Former Identity: Guildmaster Thwice.
New Designation: Inmate 104-Stool. Assigned to the Sub-basement Echo Chambers for acoustic dampening duty.

The Ferret Department

Office of Mustelid Oversight: Headquartered at Whisker & Co.’s Warren in the Giltway, working closely with the Ferret Law Academy. Ferrets are lovely creatures that can sense malicious deeds and a criminal’s intention to flee justice.
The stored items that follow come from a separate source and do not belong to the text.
lemma induced_matching_sizes_eq_chain_lengths:
  assumes inj: "inj_on (pos \<pi>) {1..n}"
  shows "{card M | M. induced_matching (perm_graph_edges n \<pi>) M} = {length es | es. is_chain n \<pi> es}"
proof (intro equalityI subsetI)
  fix k assume "k \<in> {card M | M. induced_matching (perm_graph_edges n \<pi>) M}"
  then obtain M where M: "induced_matching (perm_graph_edges n \<pi>) M" "k = card M"
    by blast
  then have sub: "M \<subseteq> perm_graph_edges n \<pi>"
    by (simp add: induced_matching_def)
  with M inj obtain es where es: "is_chain n \<pi> es" "distinct es" "set es = matches_of n \<pi> M"
    using induced_matching_iff_is_chain by blast
  have "length es = k"
    using distinct_card[OF es(2)] es(3) card_matches_of[OF sub] M(2) by simp
  with es(1) show "k \<in> {length es | es. is_chain n \<pi> es}"
    by blast
next
  fix k assume "k \<in> {length es | es. is_chain n \<pi> es}"
  then obtain es where es: "is_chain n \<pi> es" "k = length es"
    by blast
  define M where "M = match_edge ` set es"
  have matches: "\<And>e. e \<in> set es \<Longrightarrow> is_match n \<pi> e"
    using es(1) by (simp add: is_chain_def)
  then have sub: "M \<subseteq> perm_graph_edges n \<pi>"
    unfolding M_def using match_edge_in_perm_graph by blast
  have set_es: "matches_of n \<pi> M = set es"
    unfolding M_def using matches by (rule matches_of_match_edge_image)
  have "induced_matching (perm_graph_edges n \<pi>) M"
    using induced_matching_iff_is_chain[OF inj sub] es(1) distinct_if_is_chain[OF es(1)] set_es
    by blast
  moreover have "card M = k"
    using card_matches_of[OF sub] set_es distinct_card[OF distinct_if_is_chain[OF es(1)]] es(2)
    by simp
  ultimately show "k \<in> {card M | M. induced_matching (perm_graph_edges n \<pi>) M}"
    by blast
qed

theorem mainTheorem6:
  fixes n :: nat and \<pi> :: "nat \<Rightarrow> nat"
  assumes "\<pi> permutes {1..n}"
  shows "(\<forall>M. M \<subseteq> perm_graph_edges n \<pi> \<longrightarrow>
            (induced_matching (perm_graph_edges n \<pi>) M \<longleftrightarrow>
             (\<exists>es. is_chain n \<pi> es \<and> distinct es \<and> set es = matches_of n \<pi> M)))
       \<and> Max {card M | M. induced_matching (perm_graph_edges n \<pi>) M}
           = Max {length es | es. is_chain n \<pi> es}"
proof -
  have "inj_on (pos \<pi>) {1..n}"
    using permutes_inj[OF permutes_inv[OF assms]] unfolding pos_def[abs_def]
    by (rule inj_on_subset) simp
  then show ?thesis
    using induced_matching_iff_is_chain induced_matching_sizes_eq_chain_lengths by simp
qed

end
lemma gv_count_strict_mono:
  assumes "\<gamma> \<in> U_set n" "\<beta> \<in> U_set n" "\<And>j. j \<in> {1..n} \<Longrightarrow> \<gamma> j \<le> \<beta> j" "\<gamma> \<noteq> \<beta>"
  shows "gv_count n lam \<gamma> < gv_count n lam \<beta>"
proof -
  define f where "f b i j = num_monomials (h_coeff (int (lam j) - int j + int i) i (b j))" for b i j
  have "\<exists>j \<in> {1..n}. \<gamma> j \<noteq> \<beta> j"
  proof (rule ccontr)
    assume "\<not> ?thesis"
    then have "\<gamma> j = \<beta> j" for j using assms(1,2) unfolding U_set_def by (cases "j \<in> {1..n}") auto
    then show False using assms(4) by blast
  qed
  then obtain j0 where j0: "j0 \<in> {1..n}" "\<gamma> j0 < \<beta> j0" using assms(3) le_neq_implies_less by blast
  \<comment> \<open>the entry \<open>(i0, j0)\<close> is \<open>h\<^sub>u\<close> with \<open>u = \<lambda>\<^sub>j\<^sub>0 - j0 + i0 \<ge> 1\<close>\<close>
  define i0 where "i0 = (if 1 \<le> lam j0 then j0 else j0 + 1)"
  have "j0 \<le> \<gamma> j0" "\<beta> j0 \<le> n" using U_set_bounds[OF assms(1)] U_set_bounds[OF assms(2)] j0(1) by auto
  then have i0: "i0 \<in> {1..n}" "1 \<le> int (lam j0) - int j0 + int i0" "i0 \<le> \<beta> j0"
    using j0 unfolding i0_def by auto
  have le: "f \<gamma> i j \<le> f \<beta> i j" if "j \<in> {1..n}" for i j
    unfolding f_def using assms(3)[OF that] by (rule num_monomials_h_coeff_mono)
  have "f \<gamma> i0 j0 < f \<beta> i0 j0"
    unfolding f_def using j0(2) i0(2,3) by (rule num_monomials_h_coeff_strict_mono)
  then have "(\<Sum>j\<in>{1..n}. f \<gamma> i0 j) < (\<Sum>j\<in>{1..n}. f \<beta> i0 j)"
    using le j0(1) by (intro sum_strict_mono_ex1) auto
  then have "(\<Sum>i\<in>{1..n}. \<Sum>j\<in>{1..n}. f \<gamma> i j) < (\<Sum>i\<in>{1..n}. \<Sum>j\<in>{1..n}. f \<beta> i j)"
    using le i0(1) by (intro sum_strict_mono_ex1 ballI sum_mono) auto
  then show ?thesis unfolding gv_count_def f_def .
qed

theorem proposition8p3:
  fixes n :: nat and lam :: "nat \<Rightarrow> nat" and \<eta> :: "nat \<Rightarrow> nat"
  assumes "1 \<le> n"
    and "is_partition n lam"
    and "\<eta> \<in> UGC n lam"
  shows "gapless n lam (core n lam \<eta>) \<and> max_efficiency n lam (core n lam \<eta>)"
proof -
  let ?d = "core n lam \<eta>"
  have \<eta>U: "\<eta> \<in> U_set n" using assms(3) unfolding UGC_def by simp
  have gapless: "gapless n lam ?d" using core_gapless[OF assms(3)] .
  have "gv_count n lam ?d < gv_count n lam \<eta>'"
    if "\<eta>' \<in> U_set n" "\<eta>' \<noteq> ?d" "schur_coeff n lam \<eta>' = schur_coeff n lam ?d" for \<eta>'
    using gv_count_strict_mono[OF core_in_U_set[OF \<eta>U] that(1)]
      core_le_of_schur_coeff_eq[OF assms(2) \<eta>U that(1,3)] that(2) by force
  then show ?thesis
    using gapless core_in_UBP[OF \<eta>U] unfolding max_efficiency_def gapless_def UBP_def by blast
qed

end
They do not convict; they simply show where suspicion is suspected.

Deployment Protocols:

When a Watcher, a Magistrate, or a Bard needs a ferret for an investigation or trial, they must officially "check out" the asset through this Office.

Asset Welfare Controls:

The Drift-Vets mobile vet clinic conducts regular, unannounced surprise audits across all wings to ensure field ferrets are not being actively bribed with sweet cream, overworked, or denied proper burrowing material.

If you're a ferret (we know you can read) or know of a ferret in need of representation, our excellent lawyers are always at the ready for any and all your legal needs. Come visit us, at the Law offices of Mustelid Affairs

Active Bounties & Alerts

Please report all sightings to the main desk counter immediately. Do not attempt apprehension yourself.

⚠️ WANTED FERRET

Name: Moustache
Escaped from the academy. He is not mean, just incredibly disrespectful and entirely unfit for civic service. He communicates in our language, but if you chirp at him, he will occasionally chirp back. Contact Phlegm Soupy Stephanie (555-5565).

⚠️ TIMELINE SWINDLER

Wanted for attempting to sell Timeline Customization Machines, only to swindle citizens into purchasing empty boxes. Upon recent confrontation, the perpetrator dryly claimed his machines "simply only went forward in time and at regular speed." May be armed.

⚠️ RESONANCE THIEF

Captured by hand drawing while fleeing the scene of a local farmer's Dream Silk Farm. Believed to be of highly nefarious and wicked intent. Do not approach.